The first composition 201a and the second composition 201b, i.e. polysiloxane precursors 201, contribute to the hard phase of the multi-phase strategy according to the invention. The combined amount of the compositions 201 thus affects the properties of the final product, i.e. self-healing elastomer 200. Thus, the amount can be adjusted according to the actual needs. The combined amount of the first composition 201a and the second composition 201b according to the present invention is advantageously in a range of 10-30 wt. % of the final product 200. It is observed that an amount increasing to close to 30 wt. % affects the self-healing ability noticeably. An amount of more than 30 wt. % decreases significantly the self-healing ability of the final product 200 and thus is less desirable. On the other hand, an amount of less than 15 wt. %, especially less than 10 wt. %, affects noticeably the mechanical properties, such as Young's modulus, of the final product and thus is less desirable. When the amount of composition 201 is less than 15 wt. %, the elastic modulus, toughness and elasticity decreases, while the self-healing rate could increase. In this case it is possible to change the other processing conditions and or compositions (such as amount of B₂O₃) to restore the desired properties. FIG. 2b shows the effect of the combined amount of the compositions 201, increasing from 15 wt. % to 25 wt. %.
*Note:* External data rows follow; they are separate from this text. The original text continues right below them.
lemma Jcost_gradient_A:
  "\<exists>G. ((\<lambda>H. Jcost \<mu> y alpha beta gamma (A(i := H)) B C) has_derivative (\<lambda>H. G \<bullet> H)) (at (A i))
     \<and> cmat_of_real G = csmult 2 (\<integral>p. csmult (alpha i (cvec_cnj p))
          (xdual alpha gamma A C p ** (y p - yhat0 p) ** cmat_adj (xhat alpha beta A B p)) \<partial>\<mu>)"
proof -
  let ?U = "\<lambda>p. - csmult (alpha i p) (pmat gamma C p ** Ainv p)"
  let ?V = "xhat alpha beta A B"
  let ?m = "inv_bound i"
  let ?c = "2 * (?m + 1)\<^sup>2 * (C_norm * B_norm * Ainv_bound)"
  have m: "?m \<le> 2 * (?m + 1)\<^sup>2" "2 * ?m\<^sup>2 \<le> 2 * (?m + 1)\<^sup>2"
    using inv_bound_nonneg[of i] by (simp_all add: power2_eq_square algebra_simps)
  show ?thesis
    unfolding Jcost_def
  proof (rule Jcost_block_gradient[where U = ?U and V = ?V and c = ?c and d = "1 / (2 * (?m + 1))"])
    show "(\<lambda>p. yhat alpha beta gamma (A(i := H)) B C p) \<in> borel_measurable \<mu>" for H
      by (rule yhat_measurable)
    show "?U \<in> borel_measurable \<mu>"
      by (intro borel_measurable_uminus borel_measurable_csmult borel_measurable_matrix_mult borel_measurable_pmat
          Ainv_measurable gamma_measurable alpha_measurable)
    show "?V \<in> borel_measurable \<mu>"
      by (intro borel_measurable_xhat alpha_measurable beta_measurable)
    have "0 \<le> C_norm * B_norm * Ainv_bound * ratio p" for p
      using bound_constants_nonneg ratio_nonneg by simp
    then show "norm (?U p) * norm (?V p) \<le> ?c * ratio p" if "regular p" for p
      using order_trans[OF first_order_bound_A[OF that] mult_right_mono[OF m(1)]] by (simp add: ac_simps)
    show "norm (yhat alpha beta gamma (A(i := H)) B C p - yhat alpha beta gamma (A(i := A i)) B C p
            - ?U p ** cmat_of_real (H - A i) ** ?V p) \<le> ?c * ratio p * (norm (H - A i))\<^sup>2"
      if "regular p" "norm (H - A i) < 1 / (2 * (?m + 1))" for p H
      using order_trans[OF yhat_second_order_A[OF that] mult_right_mono[OF mult_right_mono[OF m(2)]]]
        \<open>\<And>p. 0 \<le> C_norm * B_norm * Ainv_bound * ratio p\<close>
      by (simp add: ac_simps)
    show "?U (cvec_cnj p) = cmat_cnj (?U p) \<and> ?V (cvec_cnj p) = cmat_cnj (?V p)" if "regular p" for p
      using that by (simp add: regular_def alpha_cnj pmat_cvec_cnj cmat_cnj_matrix_inv xhat_cvec_cnj
          cmat_cnj_minus cmat_cnj_csmult cmat_cnj_mult)
    show "cmat_adj (?U p) ** (yhat0 p - y p) ** cmat_adj (?V p)
          = csmult (alpha i (cvec_cnj p)) (xdual alpha gamma A C p ** (y p - yhat0 p) ** cmat_adj (?V p))"
      if "p \<in> space \<mu>" for p
      using that alpha_cnj
      by (simp add: xdual_def cmat_adj_minus cmat_adj_csmult cmat_adj_mult matrix_minus_left
          matrix_diff_ldistrib matrix_diff_rdistrib csmult_matrix_mult_left csmult_diff matrix_mul_assoc)
  qed (use inv_bound_nonneg[of i] bound_constants_nonneg in simp_all)
qed
lemma phi_c_contour_integral:
  assumes "0 < \<rho>" "\<rho> < eta_radius"
  shows "(phi_c n has_contour_integral 2 * pi * \<i> * - of_real (stirling_gamma n)) (circlepath 1 \<rho>)"
proof -
  have sub: "cball 1 \<rho> \<subseteq> ball 1 eta_radius" "ball 1 \<rho> \<subseteq> ball 1 eta_radius"
    using assms by (auto simp: subset_iff)
  have "((\<lambda>z. phi_numer n z / (z - 1) ^ Suc (2*n)) has_contour_integral
      (2 * pi * \<i>) / fact (2*n) * (deriv ^^ (2*n)) (phi_numer n) 1) (circlepath 1 \<rho>)"
    using assms holomorphic_on_subset[OF phi_numer_holomorphic sub(1)]
      holomorphic_on_subset[OF phi_numer_holomorphic sub(2)]
    by (intro Cauchy_has_contour_integral_higher_derivative_circlepath holomorphic_on_imp_continuous_on)
       auto
  then have "((\<lambda>z. phi_coeff n * (phi_numer n z / (z - 1) ^ Suc (2*n))) has_contour_integral
      phi_coeff n * ((2 * pi * \<i>) / fact (2*n) * (deriv ^^ (2*n)) (phi_numer n) 1)) (circlepath 1 \<rho>)"
    by (rule has_contour_integral_lmul)
  moreover have "phi_coeff n * ((2 * pi * \<i>) / fact (2*n) * (deriv ^^ (2*n)) (phi_numer n) 1)
      = 2 * pi * \<i> * (phi_coeff n * (deriv ^^ (2*n)) (phi_numer n) 1 / fact (2*n))"
    by (simp add: field_simps)
  ultimately have "((\<lambda>z. phi_coeff n * (phi_numer n z / (z - 1) ^ Suc (2*n))) has_contour_integral
      2 * pi * \<i> * (phi_coeff n * (deriv ^^ (2*n)) (phi_numer n) 1 / fact (2*n))) (circlepath 1 \<rho>)"
    by metis
  then show ?thesis
    unfolding phi_coeff_higher_deriv_phi_numer
    by (rule has_contour_integral_eq) (simp add: phi_c_eq)
qed

lemma phi_c_Suc_eq_deriv:
  assumes R: "R holomorphic_on ball 1 eta_radius"
    and dec: "\<And>z. z \<in> ball 1 eta_radius \<Longrightarrow> z \<noteq> 1 \<Longrightarrow> phi_c j z = phi_sing j z + R z"
    and z: "z \<in> ball 1 eta_radius" "z \<noteq> 1"
  shows "phi_c (Suc j) z = z / (z - 1) * (deriv (phi_sing j) z + deriv R z)"
proof -
  have d1: "(phi_c j has_field_derivative (z - 1) / z * phi_c (Suc j) z) (at z)"
    using phi_c_has_field_derivative not_nonpos_Reals_of_mem_eta_ball[OF z(1)] z(2) by blast
  have "((\<lambda>w. phi_sing j w + R w) has_field_derivative deriv (phi_sing j) z + deriv R z) (at z)"
    using laurent_poly_upto_deriv(2)[OF laurent_poly_upto_singular_part z(2)]
      holomorphic_derivI[OF R open_ball z(1)]
    by (rule DERIV_add)
  then have d2: "(phi_c j has_field_derivative deriv (phi_sing j) z + deriv R z) (at z)"
    by (rule has_field_derivative_transform_within_open[where S="ball 1 eta_radius - {1}"])
       (use z dec in auto)
  have "(z - 1) / z * phi_c (Suc j) z = deriv (phi_sing j) z + deriv R z"
    using d1 d2 by (rule DERIV_unique)
  moreover have "z \<noteq> 0"
    using Re_pos_of_mem_ball_1[OF z(1) eta_radius(2)] by auto
  ultimately show ?thesis
    using z(2) by (auto simp: field_simps)
qed

text \<open>Integrate \<open>phi_c (Suc j) = (S' + S' / (z - 1)) + z R' / (z - 1)\<close> around 1: the first
  summand has only exponents \<open>\<le> -2\<close>, so the integral is \<open>2 \<pi> \<i> R'(1)\<close>, while
  \<open>phi_c_contour_integral\<close> computes it as \<open>-2 \<pi> \<i> gamma (Suc j)\<close>.\<close>
lemma remainder_deriv_at_1:
  assumes R: "R holomorphic_on ball 1 eta_radius"
    and dec: "\<And>z. z \<in> ball 1 eta_radius \<Longrightarrow> z \<noteq> 1 \<Longrightarrow> phi_c j z = phi_sing j z + R z"
  shows "deriv R 1 = - of_real (stirling_gamma (Suc j))"
proof -
  define \<rho> where "\<rho> = eta_radius / 2"
  have \<rho>: "0 < \<rho>" "\<rho> < eta_radius"
    using eta_radius(1) by (auto simp: \<rho>_def)
  define S' where "S' = deriv (phi_sing j)"
  have S': "laurent_poly_upto 1 (-2) S'"
    using laurent_poly_upto_deriv(1)[OF laurent_poly_upto_singular_part] by (simp add: S'_def)
  moreover have "laurent_poly_upto 1 (-2) (\<lambda>z. S' z / (z - 1))"
    by (rule laurent_poly_upto_mono[OF laurent_poly_upto_divide[OF S']]) simp
  ultimately have "laurent_poly_upto 1 (-2) (\<lambda>z. S' z + S' z / (z - 1))"
    by (rule laurent_poly_upto_add)
  then have I0: "((\<lambda>z. S' z + S' z / (z - 1)) has_contour_integral 0) (circlepath 1 \<rho>)"
    using \<rho>(1) by (rule laurent_poly_upto_contour_integral)
  have "(\<lambda>z. z * deriv R z) holomorphic_on ball 1 eta_radius"
    using R by (intro holomorphic_intros holomorphic_deriv) auto
  then have hol: "(\<lambda>z. z * deriv R z) holomorphic_on cball 1 \<rho>"
    by (rule holomorphic_on_subset) (use \<rho> in \<open>auto simp: subset_iff\<close>)
  have IR: "((\<lambda>z. z * deriv R z / (z - 1)) has_contour_integral 2 * pi * \<i> * deriv R 1) (circlepath 1 \<rho>)"
    using Cauchy_integral_circlepath_simple[OF hol, of 1] \<rho> by simp
  have "(phi_c (Suc j) has_contour_integral 0 + 2 * pi * \<i> * deriv R 1) (circlepath 1 \<rho>)"
  proof (rule has_contour_integral_eq[OF has_contour_integral_add[OF I0 IR]])
    fix z
    assume "z \<in> path_image (circlepath 1 \<rho>)"
    then have z: "z \<in> ball 1 eta_radius" "z \<noteq> 1"
      using \<rho> by (auto simp: path_image_circlepath dist_norm norm_minus_commute)
    then show "S' z + S' z / (z - 1) + z * deriv R z / (z - 1) = phi_c (Suc j) z"
    proof -
      have "S' z + S' z / (z - 1) + z * deriv R z / (z - 1) = z / (z - 1) * (S' z + deriv R z)"
        using z(2) by (simp add: divide_simps) (simp add: algebra_simps)
      also have "\<dots> = phi_c (Suc j) z"
        unfolding S'_def by (rule phi_c_Suc_eq_deriv[OF R dec z, symmetric])
      finally show ?thesis .
    qed
  qed
  from has_contour_integral_unique[OF this phi_c_contour_integral[OF \<rho>]]
  have "2 * pi * \<i> * deriv R 1 = 2 * pi * \<i> * - of_real (stirling_gamma (Suc j))"
    by (simp only: add_0_left)
  moreover have "2 * pi * \<i> \<noteq> 0"
    by simp
  ultimately show ?thesis
    by (metis mult_left_cancel)
qed

lemma phi_c_0_decomposition:
  obtains R where "R holomorphic_on ball 1 eta_radius"
    "\<And>z. z \<in> ball 1 eta_radius \<Longrightarrow> z \<noteq> 1 \<Longrightarrow> phi_c 0 z = - 1 / (z - 1) + R z"
proof -
  have "(\<lambda>z. 1 - phi_numer 0 z) holomorphic_on ball 1 eta_radius"
    using phi_numer_holomorphic by (intro holomorphic_intros)
  moreover have "1 - phi_numer 0 1 = 0"
    by (simp add: phi_numer_def)
  ultimately obtain R where R: "R holomorphic_on ball 1 eta_radius"
    "\<And>z. z \<noteq> 1 \<Longrightarrow> R z = (1 - phi_numer 0 z) / (z - 1)"
    by (rule holomorphic_quotient_at_zero[OF _ open_ball]) (rule that)
  have "phi_c 0 z = - 1 / (z - 1) + R z" if "z \<noteq> 1" for z
    using that by (simp add: phi_c_eq R(2) phi_coeff_def odd_dfact_def divide_simps)
  with R(1) show thesis
    using that by blast
qed

lemma phi_sing_0: "w \<noteq> 1 \<Longrightarrow> phi_sing 0 w = - 1 / (w - 1)"
proof -
  assume "w \<noteq> 1"
  obtain R where R: "R holomorphic_on ball 1 eta_radius"
    "\<And>z. z \<in> ball 1 eta_radius \<Longrightarrow> z \<noteq> 1 \<Longrightarrow> phi_c 0 z = - 1 / (z - 1) + R z"
    using phi_c_0_decomposition by blast
  have dec: "phi_c 0 z = - 1 * (z - 1) powi (-1) + R z" if "z \<in> ball 1 eta_radius" "z \<noteq> 1" for z
    using R(2)[OF that] by (simp add: power_int_minus_divide)
  have "phi_sing 0 w = - 1 * (w - 1) powi (-1)"
    by (rule singular_part_eqI[OF laurent_poly_upto_monomial R(1) eta_radius(1) dec \<open>w \<noteq> 1\<close>]) simp
  then show ?thesis
    by (simp add: power_int_minus_divide)
qed

text \<open>The inductive step: from \<open>phi_c j = phi_sing j + R\<close> with \<open>R\<close> holomorphic at 1,
  \<open>phi_c (Suc j) = z / (z - 1) (phi_sing j' + R')\<close>, and \<open>R'(1) = -gamma (Suc j)\<close> makes
  \<open>(z R'(z) + gamma (Suc j)) / (z - 1)\<close> holomorphic.\<close>
lemma phi_c_Suc_decomposition:
  assumes R: "R holomorphic_on ball 1 eta_radius"
    and dec: "\<And>z. z \<in> ball 1 eta_radius \<Longrightarrow> z \<noteq> 1 \<Longrightarrow> phi_c j z = phi_sing j z + R z"
  shows "\<exists>R'. R' holomorphic_on ball 1 eta_radius \<and>
      (\<forall>z\<in>ball 1 eta_radius - {1}. phi_c (Suc j) z = phi_sing (Suc j) z + R' z)"
    and "w \<noteq> 1 \<Longrightarrow> phi_sing (Suc j) w
      = w / (w - 1) * deriv (phi_sing j) w - of_real (stirling_gamma (Suc j)) / (w - 1)"
proof -
  define g where "g = complex_of_real (stirling_gamma (Suc j))"
  define S' where "S' = deriv (phi_sing j)"
  define T where "T w = w / (w - 1) * S' w - g / (w - 1)" for w
  have S': "laurent_poly_upto 1 (-2) S'"
    using laurent_poly_upto_deriv(1)[OF laurent_poly_upto_singular_part] by (simp add: S'_def)
  have "laurent_poly_upto 1 (-1) S'"
    by (rule laurent_poly_upto_mono[OF S']) simp
  moreover have "laurent_poly_upto 1 (-1) (\<lambda>w. S' w / (w - 1))"
    by (rule laurent_poly_upto_mono[OF laurent_poly_upto_divide[OF S']]) simp
  ultimately have "laurent_poly_upto 1 (-1) (\<lambda>w. S' w + S' w / (w - 1))"
    by (rule laurent_poly_upto_add)
  then have "laurent_poly_upto 1 (-1) (\<lambda>w. (S' w + S' w / (w - 1)) + (-g) * (w - 1) powi (-1))"
    by (rule laurent_poly_upto_add[OF _ laurent_poly_upto_monomial]) simp
  then have T: "laurent_poly_upto 1 (-1) T"
    by (rule laurent_poly_upto_cong)
       (simp add: T_def power_int_minus divide_simps, simp add: algebra_simps)
  have "(\<lambda>z. z * deriv R z + g) holomorphic_on ball 1 eta_radius"
    using R by (intro holomorphic_intros holomorphic_deriv) auto
  moreover have "1 * deriv R 1 + g = 0"
    using remainder_deriv_at_1[OF R dec] by (simp add: g_def)
  ultimately obtain R' where R': "R' holomorphic_on ball 1 eta_radius"
    "\<And>z. z \<noteq> 1 \<Longrightarrow> R' z = (z * deriv R z + g) / (z - 1)"
    by (rule holomorphic_quotient_at_zero[OF _ open_ball]) (rule that)
  have dec': "phi_c (Suc j) z = T z + R' z" if "z \<in> ball 1 eta_radius" "z \<noteq> 1" for z
    using phi_c_Suc_eq_deriv[OF R dec that] \<open>z \<noteq> 1\<close>
    by (simp add: T_def R'(2) S'_def divide_simps) (simp add: algebra_simps)
  have sing: "phi_sing (Suc j) w = T w" if "w \<noteq> 1" for w
    using singular_part_eqI[OF T R'(1) eta_radius(1) dec' that] .
  show "\<exists>R'. R' holomorphic_on ball 1 eta_radius \<and>
      (\<forall>z\<in>ball 1 eta_radius - {1}. phi_c (Suc j) z = phi_sing (Suc j) z + R' z)"
    using R'(1) dec' sing by (intro exI[of _ R']) auto
  show "w \<noteq> 1 \<Longrightarrow> phi_sing (Suc j) w
      = w / (w - 1) * deriv (phi_sing j) w - of_real (stirling_gamma (Suc j)) / (w - 1)"
    using sing by (simp add: T_def S'_def g_def)
qed

lemma phi_c_decomposition:
  "\<exists>R. R holomorphic_on ball 1 eta_radius \<and>
     (\<forall>z\<in>ball 1 eta_radius - {1}. phi_c j z = phi_sing j z + R z)"
proof (induction j)
  case 0
  obtain R where R: "R holomorphic_on ball 1 eta_radius"
    "\<And>z. z \<in> ball 1 eta_radius \<Longrightarrow> z \<noteq> 1 \<Longrightarrow> phi_c 0 z = - 1 / (z - 1) + R z"
    using phi_c_0_decomposition by blast
  then show ?case
    using phi_sing_0 by auto
next
  case (Suc j)
  then obtain R where "R holomorphic_on ball 1 eta_radius"
    "\<And>z. z \<in> ball 1 eta_radius \<Longrightarrow> z \<noteq> 1 \<Longrightarrow> phi_c j z = phi_sing j z + R z"
    by blast
  then show ?case
    by (rule phi_c_Suc_decomposition(1))
qed

lemma phi_sing_Suc:
  assumes "w \<noteq> 1"
  shows "phi_sing (Suc j) w
     = w / (w - 1) * deriv (phi_sing j) w - of_real (stirling_gamma (Suc j)) / (w - 1)"
proof -
  obtain R where "R holomorphic_on ball 1 eta_radius"
    "\<And>z. z \<in> ball 1 eta_radius \<Longrightarrow> z \<noteq> 1 \<Longrightarrow> phi_c j z = phi_sing j z + R z"
    using phi_c_decomposition[of j] by blast
  then show ?thesis
    using assms by (rule phi_c_Suc_decomposition(2))
qed

section \<open>The functions \<open>c_j\<close>\<close>

lemma phi_c_minus_sing_has_field_derivative:
  assumes w: "w \<notin> \<real>\<^sub>\<le>\<^sub>0" "w \<noteq> 1" "eta_sq_ratio w \<notin> \<real>\<^sub>\<le>\<^sub>0"
  shows "((\<lambda>z. phi_c j z - phi_sing j z) has_field_derivative
      ((w - 1) * (phi_c (Suc j) w - phi_sing (Suc j) w) - of_real (stirling_gamma (Suc j))) / w) (at w)"
proof -
  have "((\<lambda>z. phi_c j z - phi_sing j z) has_field_derivative
      (w - 1) / w * phi_c (Suc j) w - deriv (phi_sing j) w) (at w)"
    using phi_c_has_field_derivative[OF w]
      laurent_poly_upto_deriv(2)[OF laurent_poly_upto_singular_part w(2)]
    by (rule DERIV_diff)
  moreover have "w \<noteq> 0"
    using w(1) by auto
  ultimately show ?thesis
    using w(2) by (simp add: phi_sing_Suc divide_simps) (simp add: algebra_simps)
qed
The weight ratio between the first composition 201a and the second composition 201b affects also the behavior and mechanical properties of the final product 200. In general, the weight ratio of the first composition 201a and the second composition 201b being in a range of 1:1 to 50:1 result in a final product 200 with good mechanical properties, while a range between 2.5:1 and 10:1 is more preferable. By increasing the proportion of the second composition 201b, the cross-linking structure of the material increases (leading initially at larger phase separation e.g. when ratio changes from 10:1 to 5:1), and with further increase e.g. when ratio changes from 5:1 to 2.5:1, leading to reduction of the elasticity/tensile strength and decrease of the hardness/Young's modulus. FIG. 2c shows the effect of the ratio of polymer base 201a to curing agent 201b decreases from 10:1 to 2.5:1. The elongation at break increases as ratio decreases, or as the amount of the second composition increases (201b) (from 50:1 to 2.5:1), but other mechanical properties related to the elasticity, shape recovery, strength, stiffness, elastic modulus decrease when the ratio is close to 2.5:1 (in comparison to composition that has ratio more than 2.5:1; such as 5:1). Also, the polymer may lose it entropy-driven elasticity at large deformation as the number of net/junction points and area of interphase changes (i.e., the “effective” amount of “cross-links” becomes too high and cohesion between interphase decreases). It is also observed that when the amount of the second composition increases (201b) (from 10:1 to 5:1), the tensile properties of the final product increase due to the better vertical phase-separation, which can be seen in the AFM phase image, as shown in FIG. 4.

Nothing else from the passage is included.